Cheers to Elon Musk for finally saying ‘no’ to whiny, entitled millennial babies
A few days ago, employees of spaceflight company SpaceX released an open letter criticizing their CEO Elon Musk. Less than 48 hours later, at least five employees who orchestrated the letter were fired.Good.
The dam is breaking. The “listen to meeeeee” millennials, who have had an overblown influence on corporations, and on our culture, are finally being told to sit down and be quiet. It is very much overdue.
But isn’t Elon Musk supposed to be a “free speech absolutist?,” screech his critics. As I explain to my small children, freedom of speech under the First Amendment means the government can’t arrest you for calling the president a doofus.
It doesn’t mean you can do the same to your boss and expect to remain employed. (Similarly, you can’t tell your wife she’s ugly and then plead “Free speech!” when she gets mad and leaves you for the pool boy.)
Free speech in America means you can go into the public square and say what you want, safe in the knowledge that you won’t end up in prison. Twitter should be included in that, which is why Musk feels so strongly about allowing open conversation on the app. As Musk has tweeted: “Given that Twitter serves as the de facto public town square, failing to adhere to free speech principles fundamentally undermines democracy.”
The letters from his SpaceX employees sought to get Musk to stop speaking out about certain topics: “Elon’s behavior in the public sphere is a frequent source of distraction and embarrassment for us, particularly in recent weeks.”

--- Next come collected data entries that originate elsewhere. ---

(* Let $(N,C,\mathbf{A},k)$ be an instance with $|N|=n$ and let $\lambda\in[0,\frac{n}{k^2})$. Every committee output by $\lambda$-LS-PAV (from any initial committee) — i.e., every $W\subseteq C$ with $|W|=k$ such that there are no $c^+\in C\setminus W$, $c^-\in W$ with $\Delta(W,c^+,c^-)\ge\lambda$ — has EJR degree at least $\frac{n}{k(k+1)}-\lambda\frac{k}{k+1}$.
   Context: An instance consists of voters $N=\{1,\dots,n\}$, candidates $C$, approval ballots $A_i\subseteq C$ for $i\in N$, and a committee size $k$ with $1\le k\le|C|$. For $\ell\in\mathbb{N}$, $N'\subseteq N$ is an $\ell$-cohesive group if $|N'|\ge\ell n/k$ and $|\bigcap_{i\in N'}A_i|\ge\ell$. A size-$k$ committee $W$ achieves EJR degree $c$ if for every $\ell\in\{1,\dots,k\}$ every $\ell$-cohesive group contains at least $c$ voters $i$ with $|A_i\cap W|\ge\ell$. The PAV-score of $W$ is $s_{\mathrm{PAV}}(W)=\sum_{i=1}^n\sum_{j=1}^{|A_i\cap W|}\frac1j$, and $\Delta(W,c^+,c^-)=s_{\mathrm{PAV}}((W\setminus\{c^-\})\cup\{c^+\})-s_{\mathrm{PAV}}(W)$. The algorithm $\lambda$-LS-PAV starts from an arbitrary size-$k$ committee $W$ and, while there exist $c^+\notin W$ and $c^-\in W$ with $\Delta(W,c^+,c^-)\ge\lambda$, replaces $W$ by $(W\setminus\{c^-\})\cup\{c^+\}$; it then outputs $W$. *)

theory Defs
  imports Complex_Main
begin

definition abc_instance :: "'v set \<Rightarrow> 'c set \<Rightarrow> ('v \<Rightarrow> 'c set) \<Rightarrow> nat \<Rightarrow> bool" where
  "abc_instance N C A k \<longleftrightarrow> finite N \<and> N \<noteq> {} \<and> finite C \<and> (\<forall>i\<in>N. A i \<subseteq> C)
     \<and> 1 \<le> k \<and> k \<le> card C"

definition cohesive :: "'v set \<Rightarrow> ('v \<Rightarrow> 'c set) \<Rightarrow> nat \<Rightarrow> nat \<Rightarrow> 'v set \<Rightarrow> bool" where
  "cohesive N A k l N' \<longleftrightarrow> N' \<subseteq> N \<and> real (card N') \<ge> real l * real (card N) / real k
     \<and> card (\<Inter>i\<in>N'. A i) \<ge> l"

definition ejr_degree :: "'v set \<Rightarrow> ('v \<Rightarrow> 'c set) \<Rightarrow> nat \<Rightarrow> 'c set \<Rightarrow> real \<Rightarrow> bool" where
  "ejr_degree N A k W c \<longleftrightarrow> (\<forall>l\<in>{1..k}. \<forall>N'. cohesive N A k l N' \<longrightarrow>
      real (card {i\<in>N'. card (A i \<inter> W) \<ge> l}) \<ge> c)"

definition pav_score :: "'v set \<Rightarrow> ('v \<Rightarrow> 'c set) \<Rightarrow> 'c set \<Rightarrow> real" where
  "pav_score N A W = (\<Sum>i\<in>N. \<Sum>j=1..card (A i \<inter> W). 1 / real j)"

definition pav_delta :: "'v set \<Rightarrow> ('v \<Rightarrow> 'c set) \<Rightarrow> 'c set \<Rightarrow> 'c \<Rightarrow> 'c \<Rightarrow> real" where
  "pav_delta N A W cp cm = pav_score N A ((W - {cm}) \<union> {cp}) - pav_score N A W"

definition ls_pav_output :: "'v set \<Rightarrow> 'c set \<Rightarrow> ('v \<Rightarrow> 'c set) \<Rightarrow> nat \<Rightarrow> real \<Rightarrow> 'c set \<Rightarrow> bool" where
  "ls_pav_output N C A k lam W \<longleftrightarrow> W \<subseteq> C \<and> card W = k \<and>
     \<not> (\<exists>cp\<in>C - W. \<exists>cm\<in>W. pav_delta N A W cp cm \<ge> lam)"

end

theory Submission
  imports Defs "HOL-Analysis.Harmonic_Numbers"
begin

text \<open>Let \<open>N'\<close> be \<open>l\<close>-cohesive and \<open>S \<subseteq> N'\<close> the voters with at least \<open>l\<close> approved
  members of \<open>W\<close>; if all commonly approved candidates of \<open>N'\<close> lie in \<open>W\<close> then \<open>S = N'\<close>.
  Otherwise take a commonly approved \<open>c \<notin> W\<close> and sum the score changes of the \<open>k\<close> swaps
  bringing in \<open>c\<close>. A voter with \<open>a\<close> approved members of \<open>W\<close> contributes at least
  \<open>(k + 1) / (a + 1) - 1\<close> if she approves \<open>c\<close> and at least \<open>-1\<close> otherwise, and local
  optimality bounds the total by \<open>k \<lambda>\<close>. Each voter of \<open>N' - S\<close> has \<open>a + 1 \<le> l\<close>, so
  \<open>(k + 1) (|N'| - |S|) / l < n + k \<lambda>\<close>, which together with \<open>|N'| \<ge> l n / k\<close> yields
  \<open>|S| > l (n / (k (k + 1)) - \<lambda> k / (k + 1))\<close>.\<close>

definition pav_marginal :: "'v set \<Rightarrow> ('v \<Rightarrow> 'c set) \<Rightarrow> 'c set \<Rightarrow> 'c \<Rightarrow> real" where
  "pav_marginal N A W c = (\<Sum>i\<in>N. if c \<in> A i then 1 / (real (card (A i \<inter> W)) + 1) else 0)"

lemma pav_score_harm: "pav_score N A W = (\<Sum>i\<in>N. harm (card (A i \<inter> W)))"
  unfolding pav_score_def harm_def by (simp add: divide_inverse)

lemma card_Int_swap:
  assumes "finite W" "cp \<notin> W" "cm \<in> W"
  shows "card (A \<inter> (W - {cm} \<union> {cp})) =
    (if cp \<in> A then (if cm \<in> A then card (A \<inter> W) else Suc (card (A \<inter> W)))
     else (if cm \<in> A then card (A \<inter> W) - 1 else card (A \<inter> W)))"
proof -
  have "A \<inter> (W - {cm} \<union> {cp}) = (if cp \<in> A then insert cp (A \<inter> W - {cm}) else A \<inter> W - {cm})"
    by auto
  moreover have "card (A \<inter> W - {cm}) = (if cm \<in> A then card (A \<inter> W) - 1 else card (A \<inter> W))"
    using assms by auto
  moreover have "cm \<in> A \<Longrightarrow> card (A \<inter> W) > 0"
    using assms by (auto simp: card_gt_0_iff)
  ultimately show ?thesis
    using assms by auto
qed

lemma harm_card_Int_swap:
  assumes "finite W" "cp \<notin> W" "cm \<in> W"
  shows "harm (card (A \<inter> (W - {cm} \<union> {cp}))) - harm (card (A \<inter> W)) =
    (if cp \<in> A \<and> cm \<notin> A then 1 / (real (card (A \<inter> W)) + 1)
     else if cp \<notin> A \<and> cm \<in> A then - 1 / real (card (A \<inter> W)) else (0 :: real))"
proof (cases "cm \<in> A")
  case True
  then obtain b where "card (A \<inter> W) = Suc b"
    using assms by (metis card_0_eq disjoint_iff finite_Int not0_implies_Suc)
  then show ?thesis
    using card_Int_swap[OF assms, of A] True by (simp add: harm_Suc divide_inverse)
next
  case False
  then show ?thesis
    using card_Int_swap[OF assms, of A] by (simp add: harm_Suc divide_inverse add_ac)
qed

lemma sum_harm_swap_ge:
  assumes "finite W" "cp \<notin> W"
  shows "(real (card W) + 1) * (if cp \<in> A then 1 / (real (card (A \<inter> W)) + 1) else 0) - 1
    \<le> (\<Sum>cm\<in>W. harm (card (A \<inter> (W - {cm} \<union> {cp}))) - harm (card (A \<inter> W)) :: real)"
proof -
  define a where "a = card (A \<inter> W)"
  have card_W: "card W = a + card (W - A)"
    using assms(1) card_Int_Diff[of W A] by (simp add: a_def Int_commute)
  have "(\<Sum>cm\<in>W. harm (card (A \<inter> (W - {cm} \<union> {cp}))) - harm a :: real)
    = (\<Sum>cm\<in>W. if cm \<in> A then (if cp \<in> A then 0 else - 1 / real a)
                 else (if cp \<in> A then 1 / (real a + 1) else 0))"
  proof (rule sum.cong)
    fix cm assume "cm \<in> W"
    from harm_card_Int_swap[OF assms this, of A]
    show "harm (card (A \<inter> (W - {cm} \<union> {cp}))) - harm a =
      (if cm \<in> A then (if cp \<in> A then 0 else - 1 / real a)
       else (if cp \<in> A then 1 / (real a + 1) else 0))"
      by (auto simp: a_def)
  qed simp
  also have "\<dots> = (if cp \<in> A then real (card (W - A)) / (real a + 1) else - real a / real a)"
    using assms(1) by (simp add: sum.If_cases a_def Int_commute flip: Diff_eq)
  finally have sum_eq: "(\<Sum>cm\<in>W. harm (card (A \<inter> (W - {cm} \<union> {cp}))) - harm a :: real)
    = (if cp \<in> A then real (card (W - A)) / (real a + 1) else - real a / real a)" .
  show ?thesis
  proof (cases "cp \<in> A")
    case True
    have "(real (card W) + 1) * (1 / (real a + 1)) - 1 = real (card (W - A)) / (real a + 1)"
      using card_W by (simp add: field_simps)
    with True sum_eq show ?thesis
      unfolding a_def[symmetric] by simp
  next
    case False
    with sum_eq show ?thesis
      unfolding a_def[symmetric] by (cases "a = 0") simp_all
  qed
qed

lemma sum_pav_delta_ge:
  assumes "finite W" "cp \<notin> W"
  shows "(real (card W) + 1) * pav_marginal N A W cp - real (card N)
    \<le> (\<Sum>cm\<in>W. pav_delta N A W cp cm)"
proof -
  have "(real (card W) + 1) * pav_marginal N A W cp - real (card N)
    = (\<Sum>i\<in>N. (real (card W) + 1) * (if cp \<in> A i then 1 / (real (card (A i \<inter> W)) + 1) else 0) - 1)"
    by (simp add: pav_marginal_def sum_subtractf sum_distrib_left)
  also have "\<dots> \<le> (\<Sum>i\<in>N. \<Sum>cm\<in>W. harm (card (A i \<inter> (W - {cm} \<union> {cp}))) - harm (card (A i \<inter> W)))"
    using assms by (intro sum_mono sum_harm_swap_ge)
  also have "\<dots> = (\<Sum>cm\<in>W. pav_delta N A W cp cm)"
    unfolding pav_delta_def pav_score_harm by (subst sum.swap) (simp add: sum_subtractf)
  finally show ?thesis .
qed

lemma ls_pav_output_sum_pav_delta_less:
  assumes "ls_pav_output N C A k lam W" "1 \<le> k" "cp \<in> C - W"
  shows "(\<Sum>cm\<in>W. pav_delta N A W cp cm) < real k * lam"
proof -
  have "W \<noteq> {}" "finite W" "card W = k"
    using assms(1,2) unfolding ls_pav_output_def by (auto intro: card_ge_0_finite)
  moreover have "pav_delta N A W cp cm < lam" if "cm \<in> W" for cm
    using assms(1,3) that unfolding ls_pav_output_def by (auto simp: not_le)
  ultimately show ?thesis
    using sum_strict_mono[of W "pav_delta N A W cp" "\<lambda>_. lam"] by simp
qed

lemma unsatisfied_le_pav_marginal:
  assumes "finite N" "N' \<subseteq> N" "cp \<in> (\<Inter>i\<in>N'. A i)"
  shows "(real (card N') - real (card {i\<in>N'. l \<le> card (A i \<inter> W)})) / real l
    \<le> pav_marginal N A W cp"
proof -
  define S where "S = {i\<in>N'. l \<le> card (A i \<inter> W)}"
  have "finite N'" "S \<subseteq> N'"
    using assms(1,2) finite_subset unfolding S_def by auto
  then have "card (N' - S) = card N' - card S" "card S \<le> card N'"
    by (auto simp: card_Diff_subset card_mono finite_subset)
  then have "(real (card N') - real (card S)) / real l = (\<Sum>i\<in>N' - S. 1 / real l)"
    by (simp add: of_nat_diff)
  also have "\<dots> \<le> (\<Sum>i\<in>N' - S. 1 / (real (card (A i \<inter> W)) + 1))"
    by (intro sum_mono divide_left_mono) (auto simp: S_def)
  also have "\<dots> = (\<Sum>i\<in>N' - S. if cp \<in> A i then 1 / (real (card (A i \<inter> W)) + 1) else 0)"
    using assms(3) by (intro sum.cong) auto
  also have "\<dots> \<le> pav_marginal N A W cp"
    unfolding pav_marginal_def using assms(1,2) by (intro sum_mono2) auto
  finally show ?thesis
    unfolding S_def .
qed

lemma ejr_bound_arith:
  fixes n k l m s G lam :: real
  assumes "1 \<le> k" "1 \<le> l" "l * n / k \<le> m" "(m - s) / l \<le> G"
    and "(k + 1) * G - n < k * lam" "0 \<le> s"
  shows "n / (k * (k + 1)) - lam * k / (k + 1) \<le> s"
proof -
  define B where "B = n / (k * (k + 1)) - lam * k / (k + 1)"
  have "(k + 1) * (m - s) \<le> (k + 1) * (l * G)"
    using assms(1,2,4) by (intro mult_left_mono) (auto simp: divide_le_eq mult.commute)
  also have "\<dots> = l * ((k + 1) * G)"
    by (simp add: algebra_simps)
  also have "\<dots> < l * (n + k * lam)"
    using assms(2,5) by (intro mult_strict_left_mono) auto
  finally have "(k + 1) * (l * n / k) - l * (n + k * lam) < (k + 1) * s"
    using assms(1,3) mult_left_mono[OF assms(3), of "k + 1"] by (simp add: algebra_simps)
  also have "(k + 1) * (l * n / k) - l * (n + k * lam) = (k + 1) * (l * B)"
    using assms(1) by (simp add: B_def divide_simps) (simp add: algebra_simps)
  finally have "l * B < s"
    using assms(1) by simp
  then show ?thesis
    using assms(2,6) mult_right_mono[of 1 l B] unfolding B_def[symmetric] by (cases "B \<ge> 0") auto
qed

lemma cohesive_nonempty:
  assumes "abc_instance N C A k" "cohesive N A k l N'" "1 \<le> l"
  shows "N' \<noteq> {}"
proof -
  have "0 < real l * real (card N) / real k"
    using assms(1,3) unfolding abc_instance_def by (auto simp: card_gt_0_iff)
  then show ?thesis
    using assms(2) unfolding cohesive_def by auto
qed

lemma cohesive_all_satisfied:
  assumes "cohesive N A k l N'" "finite W" "(\<Inter>i\<in>N'. A i) \<subseteq> W"
  shows "{i\<in>N'. l \<le> card (A i \<inter> W)} = N'"
proof -
  have "l \<le> card (A i \<inter> W)" if "i \<in> N'" for i
  proof -
    have "(\<Inter>j\<in>N'. A j) \<subseteq> A i \<inter> W"
      using assms(3) that by blast
    with assms(2) have "card (\<Inter>j\<in>N'. A j) \<le> card (A i \<inter> W)"
      by (simp add: card_mono)
    with assms(1) show ?thesis
      unfolding cohesive_def by simp
  qed
  then show ?thesis
    by auto
qed

lemma ls_pav_output_cohesive_satisfied_ge:
  assumes "abc_instance N C A k" "ls_pav_output N C A k lam W" "cohesive N A k l N'" "1 \<le> l"
    and "cp \<in> (\<Inter>i\<in>N'. A i)" "cp \<notin> W"
  shows "real (card N) / (real k * (real k + 1)) - lam * real k / (real k + 1)
    \<le> real (card {i\<in>N'. l \<le> card (A i \<inter> W)})"
proof -
  have inst: "finite N" "\<forall>i\<in>N. A i \<subseteq> C" "1 \<le> k"
    using assms(1) unfolding abc_instance_def by auto
  have W: "card W = k" "finite W"
    using assms(2) inst(3) unfolding ls_pav_output_def by (auto intro: card_ge_0_finite)
  have N': "N' \<subseteq> N" "real l * real (card N) / real k \<le> real (card N')"
    using assms(3) unfolding cohesive_def by auto
  have "cp \<in> C"
    using cohesive_nonempty[OF assms(1,3,4)] N'(1) inst(2) assms(5) by auto
  then have "(\<Sum>cm\<in>W. pav_delta N A W cp cm) < real k * lam"
    using ls_pav_output_sum_pav_delta_less[OF assms(2) inst(3)] assms(6) by blast
  then have "(real k + 1) * pav_marginal N A W cp - real (card N) < real k * lam"
    using sum_pav_delta_ge[OF W(2) assms(6), where N = N and A = A] unfolding W(1) by linarith
  from ejr_bound_arith[OF _ _ N'(2) unsatisfied_le_pav_marginal[OF inst(1) N'(1) assms(5)] this]
  show ?thesis
    using inst(3) assms(4) by simp
qed

theorem proposition3:
  fixes N :: "'v set" and C :: "'c set" and A :: "'v \<Rightarrow> 'c set" and k :: nat
    and lam :: real and W :: "'c set"
  assumes "abc_instance N C A k"
    and "0 \<le> lam" and "lam < real (card N) / (real k)^2"
    and "ls_pav_output N C A k lam W"
  shows "ejr_degree N A k W (real (card N) / (real k * (real k + 1)) - lam * real k / (real k + 1))"
  unfolding ejr_degree_def
proof (intro ballI allI impI)
  fix l N' assume l: "l \<in> {1..k}" and coh: "cohesive N A k l N'"
  show "real (card N) / (real k * (real k + 1)) - lam * real k / (real k + 1)
    \<le> real (card {i\<in>N'. l \<le> card (A i \<inter> W)})"
  proof (cases "(\<Inter>i\<in>N'. A i) \<subseteq> W")
    case True
    have "finite W"
      using assms(4) l unfolding ls_pav_output_def by (auto intro: card_ge_0_finite)
    have "real (card N) / (real k * (real k + 1)) \<le> real (card N) / real k"
      using l by (intro frac_le) auto
    also have "\<dots> \<le> real l * real (card N) / real k"
      using l by (intro divide_right_mono) (auto simp: mult_le_cancel_right1)
    also have "\<dots> \<le> real (card N')"
      using coh unfolding cohesive_def by simp
    finally have "real (card N) / (real k * (real k + 1)) \<le> real (card N')" .
    moreover have "0 \<le> lam * real k / (real k + 1)"
      using assms(2) by simp
    ultimately show ?thesis
      unfolding cohesive_all_satisfied[OF coh \<open>finite W\<close> True] by linarith
  next
    case False
    then show ?thesis
      using ls_pav_output_cohesive_satisfied_ge[OF assms(1,4) coh] l by auto
  qed
qed

end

Yet there’s a difference between tweeting about a variety of subjects and maligning your employer. If your boss embarrasses you, find a new one. Your office is not the public square.
Nor can you can tweet about how terrible your workplace is and expect your bosses simply to take it, as the Washington Post’s Felicia Sonmez recently found out. Sonmez was finally fired after a full week of nonstop tweeting about what a horrible place the Washington Post is to work at.
The WaPo reporter first called out her supposed “friend” and co-worker Dave Weigel for retweeting what she considered to be an offensive joke about women. But then she just wouldn’t stop. She accused the company of having “systemic issues,” mocked other employees who defended the newspaper, attacked her bosses and generally behaved like a child who hasn’t gotten her way.
Or like a millennial used to being able to direct her bosses to her whims.
For some time now, corporations have been bending to people like Sonmez and the angry SpaceX employees. But in the past few months, it seems like Americans have finally had enough of these entitled babies.
These people have coarsened our discourse, pretended words are the same as violence and made an international incident over retweeted jokes, until everyone was afraid to speak. They got people fired from their jobs for wrongthink. They’re the ultimate crybullies, making sure no one gets to speak except them. For someone to finally shut them down is their just deserts.
With luck, this moment will bring back the dividing line between work and life. You shouldn’t be fired for what you tweet if it doesn’t affect your employer. But if it does, you tweet at your peril. We need to make work a separate thing from the rest of our lives again.
The higher-ups at your company are not your family; your workplace is not your home. We need a brighter division between work life and home life. Family members may love you unconditionally and forgive you for your drunken Thanksgiving outburst when you screamed that you hated everyone and wished you’d never been born, but your boss won’t and shouldn’t.
This is not a bad thing. Learning how to behave in public is something millennials should have mastered in kindergarten. That they haven’t has been an ongoing problem for our society. Let’s hope they learn it now.